Why does moving the struct and use directive to main.rs makes it compile?
Why does changing serialize::Encodable to Show trait makes it compile even inside logging module?
However
If I add
extern crate serialize;
use self::serialize::{json, Encoder, Encodable};
to main.rs, it all starts compiling.
This is very confusing, the fourth questions is why isn't it sufficient to have only one extern crate + use serialize::.. inside logging module?
Let’s look at the code that’s generated, with rustc main.rs --pretty expanded:
#![feature(phase)]
#![no_std]
#![feature(globs)]
#[phase(plugin, link)]
extern crate std = "std";
extern crate rt = "native";
use std::prelude::*;
mod logging {
extern crate serialize;
use std::prelude::*;
use self::serialize::{json, Encoder, Encodable};
pub struct Person {
pub age: i32,
}
#[automatically_derived]
impl <__S: ::serialize::Encoder<__E>, __E>
::serialize::Encodable<__S, __E> for Person {
fn encode(&self, __arg_0: &mut __S) ->
::std::result::Result<(), __E> {
match *self {
Person { age: ref __self_0_0 } =>
__arg_0.emit_struct("Person", 1u, |_e| {
return _e.emit_struct_field("age", 0u,
|_e|
(*__self_0_0).encode(_e));
}),
}
}
}
}
fn main() { }
This demonstrates that the #[deriving(Encodable)]expands to stuff involving the paths ::serialize::*; that is, the item serialize from the crate root.

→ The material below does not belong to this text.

(* In the semi-discrete wave setting described in the context, assume that the reference state $u$ satisfies the discrete non-degeneracy condition: for all $t>0$ and all $j\in\{1,\dots,N-1\}$, $\frac12u_{(2,j)}(t)-2u_{(1,j)}(t)\neq0$. Let $Z_d=U_0(T)=(u(T),\partial_tu(T))$. Then there exist a neighborhood $\mathcal{V}(0)\subset C([0,T];W_h)$ of $0$ and a neighborhood $\mathcal{V}(Z_d)\subset\mathcal{F}(\mathring\Omega_h)^2$ of $Z_d$ such that for every $Z\in\mathcal{V}(Z_d)$ there exists $\varphi\in\mathcal{V}(0)$ with $U_\varphi(T)=Z$.
   Context: Let $h>0$, integers $M,N\ge2$, grid $\Omega_h=\{(ih,jh):0\le i\le M,0\le j\le N\}$ with nodes indexed $(i,j)$, interior $\mathring\Omega_h=\{1\le i\le M-1,1\le j\le N-1\}$, $\Gamma^1=\{(1,j):1\le j\le N-1\}$; $\mathcal{F}(\mathring\Omega_h)$ is the space of real functions on $\mathring\Omega_h$, extended by $0$ on boundary nodes. For $j=1,\dots,N-1$, $V_j$ equals $(1,0)$ at boundary node $(0,j)$ and $0$ elsewhere, $W_h=\mathrm{span}(V_j)$. Admissible perturbations are $\varphi(t)=\sum_{j=1}^{N-1}h\lambda_j(t)V_j$ with $\lambda_j\in W^{1,\infty}(\mathbb{R}^+)\cap C^1(\mathbb{R}^+)$, $\sup_j\|\lambda_j\|_\infty<1/2$ and $\|\partial_t\lambda_j\|_\infty<1$. $A(\varphi)$ is the operator $[A(\varphi)\phi]_{(i,j)}=h^{-2}(4\phi_{(i,j)}-\phi_{(i+1,j)}-\phi_{(i-1,j)}-\phi_{(i,j+1)}-\phi_{(i,j-1)})$ for $(i,j)\notin\Gamma^1$ and $[A(\varphi)\phi]_{(1,j)}=h^{-2}\big(2(1+\frac{1}{1+\lambda_j(t)})\phi_{(1,j)}-\frac{2}{2+\lambda_j(t)}\phi_{(2,j)}-\phi_{(1,j+1)}-\phi_{(1,j-1)}\big)$. Given a source $F$ and data $u_0,u_1\in\mathcal{F}(\mathring\Omega_h)$, the perturbed state $u_\varphi$ solves $\partial_t^2u_\varphi+A(\varphi)u_\varphi=F$, $u_\varphi(0)=u_0$, $\partial_tu_\varphi(0)=u_1$, and $U_\varphi=(u_\varphi,\partial_tu_\varphi)$. The reference state is $u=u_{\varphi=0}$ and $U_0=(u,\partial_tu)$. $T>0$ is fixed. *)

theory Defs
  imports "HOL-Analysis.Analysis"
begin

Now, extern crate serialize; from inside mod logging means that the path to serialize is ::logging::serialize, which is also accessible as self::serialize inside the module; there is no ::serialize.
The solution is moving the extern crate serialize; into the crate root. (This is where all extern crate definitions should be.) This is what fixed it for you, not the use self::serialize::{json, Encoder, Encodable};.